= Exercise description =
Copy exactly, please, each line of the data below until the line that contains "T) * sieve_density z \<le> real (card" has been copied, beginning at the top.

--------------------------------------------------

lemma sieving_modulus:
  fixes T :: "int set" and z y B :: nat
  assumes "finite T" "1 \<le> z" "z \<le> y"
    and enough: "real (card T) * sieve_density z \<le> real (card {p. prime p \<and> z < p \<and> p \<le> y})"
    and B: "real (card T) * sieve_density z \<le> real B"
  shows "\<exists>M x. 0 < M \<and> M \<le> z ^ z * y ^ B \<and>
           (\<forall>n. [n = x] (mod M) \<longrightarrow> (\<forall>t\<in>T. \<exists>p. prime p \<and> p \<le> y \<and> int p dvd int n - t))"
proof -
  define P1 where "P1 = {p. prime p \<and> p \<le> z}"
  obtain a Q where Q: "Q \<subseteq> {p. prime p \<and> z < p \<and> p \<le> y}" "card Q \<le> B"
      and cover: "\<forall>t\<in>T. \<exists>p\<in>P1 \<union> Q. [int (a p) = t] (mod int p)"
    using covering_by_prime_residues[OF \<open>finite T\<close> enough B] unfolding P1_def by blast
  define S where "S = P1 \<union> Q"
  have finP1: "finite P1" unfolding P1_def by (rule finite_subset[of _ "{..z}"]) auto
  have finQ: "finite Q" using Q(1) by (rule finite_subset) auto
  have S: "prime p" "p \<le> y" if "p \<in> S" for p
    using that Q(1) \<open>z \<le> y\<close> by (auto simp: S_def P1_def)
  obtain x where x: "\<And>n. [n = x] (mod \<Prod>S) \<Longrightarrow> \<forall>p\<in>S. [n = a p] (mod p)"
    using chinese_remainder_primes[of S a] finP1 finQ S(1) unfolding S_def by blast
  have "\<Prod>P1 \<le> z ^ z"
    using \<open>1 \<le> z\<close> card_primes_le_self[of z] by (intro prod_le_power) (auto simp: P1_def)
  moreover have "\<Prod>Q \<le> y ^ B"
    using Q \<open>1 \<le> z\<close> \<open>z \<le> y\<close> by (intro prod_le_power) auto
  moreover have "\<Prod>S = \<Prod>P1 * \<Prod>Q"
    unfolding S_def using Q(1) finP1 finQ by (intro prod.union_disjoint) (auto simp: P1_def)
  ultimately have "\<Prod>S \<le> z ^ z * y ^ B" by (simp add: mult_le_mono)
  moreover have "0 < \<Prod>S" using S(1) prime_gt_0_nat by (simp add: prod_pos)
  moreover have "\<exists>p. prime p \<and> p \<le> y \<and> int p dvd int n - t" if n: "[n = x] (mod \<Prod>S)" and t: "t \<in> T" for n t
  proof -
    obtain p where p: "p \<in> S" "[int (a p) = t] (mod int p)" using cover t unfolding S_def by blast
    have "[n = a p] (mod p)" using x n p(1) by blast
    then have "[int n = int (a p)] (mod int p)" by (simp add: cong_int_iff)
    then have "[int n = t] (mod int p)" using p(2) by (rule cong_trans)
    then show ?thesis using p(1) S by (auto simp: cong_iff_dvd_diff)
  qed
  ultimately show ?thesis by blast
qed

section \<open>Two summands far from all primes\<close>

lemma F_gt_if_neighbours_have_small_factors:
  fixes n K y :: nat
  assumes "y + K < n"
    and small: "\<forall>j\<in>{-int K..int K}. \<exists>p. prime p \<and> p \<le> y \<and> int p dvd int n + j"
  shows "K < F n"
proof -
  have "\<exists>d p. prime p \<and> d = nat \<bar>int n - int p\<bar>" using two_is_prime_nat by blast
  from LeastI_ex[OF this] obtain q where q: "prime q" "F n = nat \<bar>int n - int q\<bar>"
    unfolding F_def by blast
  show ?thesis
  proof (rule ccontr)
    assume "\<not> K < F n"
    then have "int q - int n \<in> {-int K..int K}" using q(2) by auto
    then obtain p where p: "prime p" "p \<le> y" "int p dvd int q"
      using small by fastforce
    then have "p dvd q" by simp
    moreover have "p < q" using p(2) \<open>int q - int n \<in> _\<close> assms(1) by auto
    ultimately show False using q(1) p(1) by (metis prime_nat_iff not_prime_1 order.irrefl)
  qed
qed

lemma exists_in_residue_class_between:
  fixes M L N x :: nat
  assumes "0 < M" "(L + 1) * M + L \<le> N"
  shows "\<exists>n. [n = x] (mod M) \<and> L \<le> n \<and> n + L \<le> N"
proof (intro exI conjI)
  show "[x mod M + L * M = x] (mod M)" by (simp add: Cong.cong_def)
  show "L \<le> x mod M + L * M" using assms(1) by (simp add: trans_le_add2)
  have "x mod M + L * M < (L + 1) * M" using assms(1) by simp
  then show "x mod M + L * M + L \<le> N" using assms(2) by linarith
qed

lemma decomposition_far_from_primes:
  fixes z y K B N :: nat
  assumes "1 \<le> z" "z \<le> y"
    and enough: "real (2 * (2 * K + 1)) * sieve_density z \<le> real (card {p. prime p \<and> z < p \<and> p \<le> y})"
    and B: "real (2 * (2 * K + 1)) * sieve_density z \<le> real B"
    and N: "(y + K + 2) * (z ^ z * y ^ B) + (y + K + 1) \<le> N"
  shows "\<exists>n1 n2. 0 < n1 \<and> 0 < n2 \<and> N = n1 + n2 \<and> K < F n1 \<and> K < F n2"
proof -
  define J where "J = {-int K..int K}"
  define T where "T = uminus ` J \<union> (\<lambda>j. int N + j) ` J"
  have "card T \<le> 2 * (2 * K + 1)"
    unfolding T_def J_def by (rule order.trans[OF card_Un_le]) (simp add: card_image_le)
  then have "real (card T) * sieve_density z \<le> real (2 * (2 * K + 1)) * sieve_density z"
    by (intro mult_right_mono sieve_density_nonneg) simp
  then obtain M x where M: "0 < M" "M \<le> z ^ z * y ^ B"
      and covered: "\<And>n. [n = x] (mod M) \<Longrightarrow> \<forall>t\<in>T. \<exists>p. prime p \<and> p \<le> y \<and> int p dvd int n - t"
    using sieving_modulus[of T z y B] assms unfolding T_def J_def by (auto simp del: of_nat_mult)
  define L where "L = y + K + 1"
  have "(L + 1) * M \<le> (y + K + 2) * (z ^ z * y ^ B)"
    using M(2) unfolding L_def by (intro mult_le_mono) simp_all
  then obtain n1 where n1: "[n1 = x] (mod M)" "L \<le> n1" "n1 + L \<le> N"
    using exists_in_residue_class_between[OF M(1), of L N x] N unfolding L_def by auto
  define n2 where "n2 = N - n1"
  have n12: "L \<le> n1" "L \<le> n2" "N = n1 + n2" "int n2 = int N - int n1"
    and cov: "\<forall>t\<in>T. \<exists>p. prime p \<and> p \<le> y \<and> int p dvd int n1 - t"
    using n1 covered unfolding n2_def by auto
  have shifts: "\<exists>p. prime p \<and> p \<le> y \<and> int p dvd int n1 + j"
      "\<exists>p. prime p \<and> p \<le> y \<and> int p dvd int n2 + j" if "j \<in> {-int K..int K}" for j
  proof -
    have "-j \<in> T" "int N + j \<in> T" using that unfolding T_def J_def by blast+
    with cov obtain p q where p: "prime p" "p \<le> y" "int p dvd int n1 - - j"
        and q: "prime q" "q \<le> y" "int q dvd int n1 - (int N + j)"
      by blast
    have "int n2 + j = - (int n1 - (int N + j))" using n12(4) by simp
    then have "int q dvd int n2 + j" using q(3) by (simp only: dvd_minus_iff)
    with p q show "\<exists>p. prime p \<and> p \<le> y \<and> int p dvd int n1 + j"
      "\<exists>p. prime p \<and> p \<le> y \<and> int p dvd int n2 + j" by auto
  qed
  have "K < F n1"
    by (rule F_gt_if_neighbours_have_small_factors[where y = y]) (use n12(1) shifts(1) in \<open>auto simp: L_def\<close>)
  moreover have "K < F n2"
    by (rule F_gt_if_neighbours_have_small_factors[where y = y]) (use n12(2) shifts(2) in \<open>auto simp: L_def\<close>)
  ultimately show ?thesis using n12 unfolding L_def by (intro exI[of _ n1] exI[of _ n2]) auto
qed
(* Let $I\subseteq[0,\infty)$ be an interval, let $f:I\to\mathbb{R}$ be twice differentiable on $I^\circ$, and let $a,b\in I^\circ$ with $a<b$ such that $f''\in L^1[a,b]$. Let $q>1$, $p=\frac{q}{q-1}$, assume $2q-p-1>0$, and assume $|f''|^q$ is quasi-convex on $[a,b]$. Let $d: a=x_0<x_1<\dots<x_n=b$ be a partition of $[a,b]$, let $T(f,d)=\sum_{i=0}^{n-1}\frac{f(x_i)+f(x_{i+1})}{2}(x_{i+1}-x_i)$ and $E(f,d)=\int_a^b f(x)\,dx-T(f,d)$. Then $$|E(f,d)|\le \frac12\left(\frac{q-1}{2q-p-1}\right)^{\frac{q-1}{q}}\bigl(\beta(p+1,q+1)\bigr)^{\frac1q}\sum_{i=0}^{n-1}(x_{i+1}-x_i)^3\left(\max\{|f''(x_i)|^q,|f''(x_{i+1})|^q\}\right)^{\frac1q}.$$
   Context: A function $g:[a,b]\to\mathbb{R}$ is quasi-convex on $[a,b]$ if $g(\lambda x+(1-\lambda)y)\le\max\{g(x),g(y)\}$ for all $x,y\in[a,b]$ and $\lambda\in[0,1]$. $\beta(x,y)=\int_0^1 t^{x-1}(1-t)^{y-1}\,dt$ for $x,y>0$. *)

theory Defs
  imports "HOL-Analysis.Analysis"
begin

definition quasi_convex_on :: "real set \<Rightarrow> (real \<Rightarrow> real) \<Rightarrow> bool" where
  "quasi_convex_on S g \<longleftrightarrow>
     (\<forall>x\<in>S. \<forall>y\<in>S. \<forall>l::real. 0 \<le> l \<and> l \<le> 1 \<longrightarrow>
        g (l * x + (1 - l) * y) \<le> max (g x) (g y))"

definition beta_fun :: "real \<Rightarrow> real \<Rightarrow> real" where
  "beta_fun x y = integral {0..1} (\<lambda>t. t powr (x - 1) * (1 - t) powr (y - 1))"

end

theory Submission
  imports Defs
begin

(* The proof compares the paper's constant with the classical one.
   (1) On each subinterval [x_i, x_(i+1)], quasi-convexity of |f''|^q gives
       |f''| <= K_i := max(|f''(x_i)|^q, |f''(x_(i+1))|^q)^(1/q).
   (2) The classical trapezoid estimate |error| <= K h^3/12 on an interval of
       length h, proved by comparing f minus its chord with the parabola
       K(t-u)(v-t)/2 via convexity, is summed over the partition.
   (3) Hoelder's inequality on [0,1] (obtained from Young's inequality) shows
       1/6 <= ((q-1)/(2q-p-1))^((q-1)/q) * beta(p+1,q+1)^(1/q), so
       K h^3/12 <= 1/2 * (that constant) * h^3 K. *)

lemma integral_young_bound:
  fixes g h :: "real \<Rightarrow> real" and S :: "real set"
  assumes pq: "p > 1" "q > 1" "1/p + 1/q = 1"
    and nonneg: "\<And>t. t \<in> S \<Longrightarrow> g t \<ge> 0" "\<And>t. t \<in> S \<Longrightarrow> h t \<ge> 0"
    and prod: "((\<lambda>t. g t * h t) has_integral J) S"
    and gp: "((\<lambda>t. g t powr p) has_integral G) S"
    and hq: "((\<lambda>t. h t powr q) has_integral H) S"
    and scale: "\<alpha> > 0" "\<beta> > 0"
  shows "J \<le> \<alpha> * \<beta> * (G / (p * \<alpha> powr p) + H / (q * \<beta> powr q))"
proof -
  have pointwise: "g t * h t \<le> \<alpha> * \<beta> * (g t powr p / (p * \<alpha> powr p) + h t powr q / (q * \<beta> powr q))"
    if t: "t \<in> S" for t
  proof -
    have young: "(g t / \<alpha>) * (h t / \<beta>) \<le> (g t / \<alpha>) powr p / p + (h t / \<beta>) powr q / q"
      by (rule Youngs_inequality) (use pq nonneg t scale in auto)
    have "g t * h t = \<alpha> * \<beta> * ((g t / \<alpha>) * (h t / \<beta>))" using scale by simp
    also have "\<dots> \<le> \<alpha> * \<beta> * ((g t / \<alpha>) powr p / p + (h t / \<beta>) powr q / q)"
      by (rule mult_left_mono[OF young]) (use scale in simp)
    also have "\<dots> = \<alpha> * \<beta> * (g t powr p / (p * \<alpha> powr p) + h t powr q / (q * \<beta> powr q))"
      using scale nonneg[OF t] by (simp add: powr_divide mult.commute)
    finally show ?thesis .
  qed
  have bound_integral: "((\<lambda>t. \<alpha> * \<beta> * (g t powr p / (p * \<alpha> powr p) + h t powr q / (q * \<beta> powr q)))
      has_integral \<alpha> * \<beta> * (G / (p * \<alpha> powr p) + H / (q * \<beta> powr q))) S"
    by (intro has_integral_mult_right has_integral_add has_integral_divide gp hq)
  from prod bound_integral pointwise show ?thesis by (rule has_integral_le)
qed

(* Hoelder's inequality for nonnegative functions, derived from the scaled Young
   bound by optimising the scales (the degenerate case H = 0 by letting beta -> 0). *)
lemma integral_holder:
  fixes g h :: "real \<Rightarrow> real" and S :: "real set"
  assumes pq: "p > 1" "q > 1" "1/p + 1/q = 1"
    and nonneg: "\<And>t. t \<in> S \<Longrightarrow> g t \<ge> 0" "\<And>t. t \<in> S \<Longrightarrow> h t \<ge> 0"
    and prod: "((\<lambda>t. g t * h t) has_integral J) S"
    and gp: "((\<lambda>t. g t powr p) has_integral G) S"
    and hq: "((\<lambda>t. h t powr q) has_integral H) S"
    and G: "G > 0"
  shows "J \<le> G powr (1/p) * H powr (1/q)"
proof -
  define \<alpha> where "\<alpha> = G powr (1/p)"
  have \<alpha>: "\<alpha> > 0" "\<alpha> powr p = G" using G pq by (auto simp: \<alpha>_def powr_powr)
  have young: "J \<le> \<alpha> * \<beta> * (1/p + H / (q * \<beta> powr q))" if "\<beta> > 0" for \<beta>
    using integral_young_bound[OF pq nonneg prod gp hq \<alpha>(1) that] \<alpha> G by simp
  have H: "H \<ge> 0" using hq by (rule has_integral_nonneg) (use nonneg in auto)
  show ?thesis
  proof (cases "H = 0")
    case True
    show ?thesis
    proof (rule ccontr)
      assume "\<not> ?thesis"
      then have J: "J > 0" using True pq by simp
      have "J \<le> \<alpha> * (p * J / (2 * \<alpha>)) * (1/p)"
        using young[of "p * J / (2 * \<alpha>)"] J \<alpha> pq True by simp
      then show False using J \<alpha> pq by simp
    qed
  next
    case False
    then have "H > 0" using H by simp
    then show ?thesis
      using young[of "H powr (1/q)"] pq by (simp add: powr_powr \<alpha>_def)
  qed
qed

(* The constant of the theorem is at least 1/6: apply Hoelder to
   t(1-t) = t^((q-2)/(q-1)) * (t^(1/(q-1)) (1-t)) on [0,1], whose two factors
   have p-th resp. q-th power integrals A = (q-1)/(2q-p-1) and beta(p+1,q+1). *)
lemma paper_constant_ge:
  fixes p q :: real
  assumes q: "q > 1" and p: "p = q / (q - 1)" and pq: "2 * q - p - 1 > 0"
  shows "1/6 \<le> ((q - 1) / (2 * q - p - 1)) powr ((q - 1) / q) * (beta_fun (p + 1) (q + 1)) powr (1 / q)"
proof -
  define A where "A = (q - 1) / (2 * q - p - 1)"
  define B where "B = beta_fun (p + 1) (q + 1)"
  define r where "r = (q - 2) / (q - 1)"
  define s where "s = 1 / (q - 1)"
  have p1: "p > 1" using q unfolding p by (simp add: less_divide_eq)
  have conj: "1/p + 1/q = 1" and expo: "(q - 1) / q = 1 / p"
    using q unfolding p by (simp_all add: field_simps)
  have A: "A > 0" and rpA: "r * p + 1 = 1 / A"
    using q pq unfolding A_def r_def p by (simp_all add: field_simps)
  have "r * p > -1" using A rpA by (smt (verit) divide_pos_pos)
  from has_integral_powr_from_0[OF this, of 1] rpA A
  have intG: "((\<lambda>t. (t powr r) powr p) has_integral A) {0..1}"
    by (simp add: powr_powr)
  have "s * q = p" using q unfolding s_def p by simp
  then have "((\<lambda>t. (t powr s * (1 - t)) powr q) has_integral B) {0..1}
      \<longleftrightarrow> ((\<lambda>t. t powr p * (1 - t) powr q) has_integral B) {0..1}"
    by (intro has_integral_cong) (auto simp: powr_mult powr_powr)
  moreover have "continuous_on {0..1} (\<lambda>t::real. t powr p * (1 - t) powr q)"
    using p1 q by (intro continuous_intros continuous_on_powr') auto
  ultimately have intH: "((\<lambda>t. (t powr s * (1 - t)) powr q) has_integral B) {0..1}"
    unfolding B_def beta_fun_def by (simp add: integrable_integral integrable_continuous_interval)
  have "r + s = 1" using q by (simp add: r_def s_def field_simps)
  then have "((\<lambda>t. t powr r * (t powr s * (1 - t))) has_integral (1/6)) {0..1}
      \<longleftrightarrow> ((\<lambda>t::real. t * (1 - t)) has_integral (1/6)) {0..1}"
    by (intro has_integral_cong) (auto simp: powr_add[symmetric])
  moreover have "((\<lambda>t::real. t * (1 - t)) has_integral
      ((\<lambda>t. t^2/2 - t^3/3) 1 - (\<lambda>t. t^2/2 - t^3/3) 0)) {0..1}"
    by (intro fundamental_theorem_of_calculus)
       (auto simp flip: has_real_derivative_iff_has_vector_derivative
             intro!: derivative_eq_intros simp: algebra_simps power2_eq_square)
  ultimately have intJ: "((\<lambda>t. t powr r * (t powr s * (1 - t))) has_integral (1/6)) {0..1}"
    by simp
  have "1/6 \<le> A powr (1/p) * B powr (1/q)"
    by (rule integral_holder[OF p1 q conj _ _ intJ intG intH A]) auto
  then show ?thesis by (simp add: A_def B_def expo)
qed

--------------------------------------------------

= Completed exercise =
lemma sieving_modulus:
  fixes T :: "int set" and z y B :: nat
  assumes "finite T" "1 \<le> z" "z \<le> y"
    and enough: "real (card T) * sieve_density z \<le> real (card {p. prime p \<and> z < p \<and> p \<le> y})"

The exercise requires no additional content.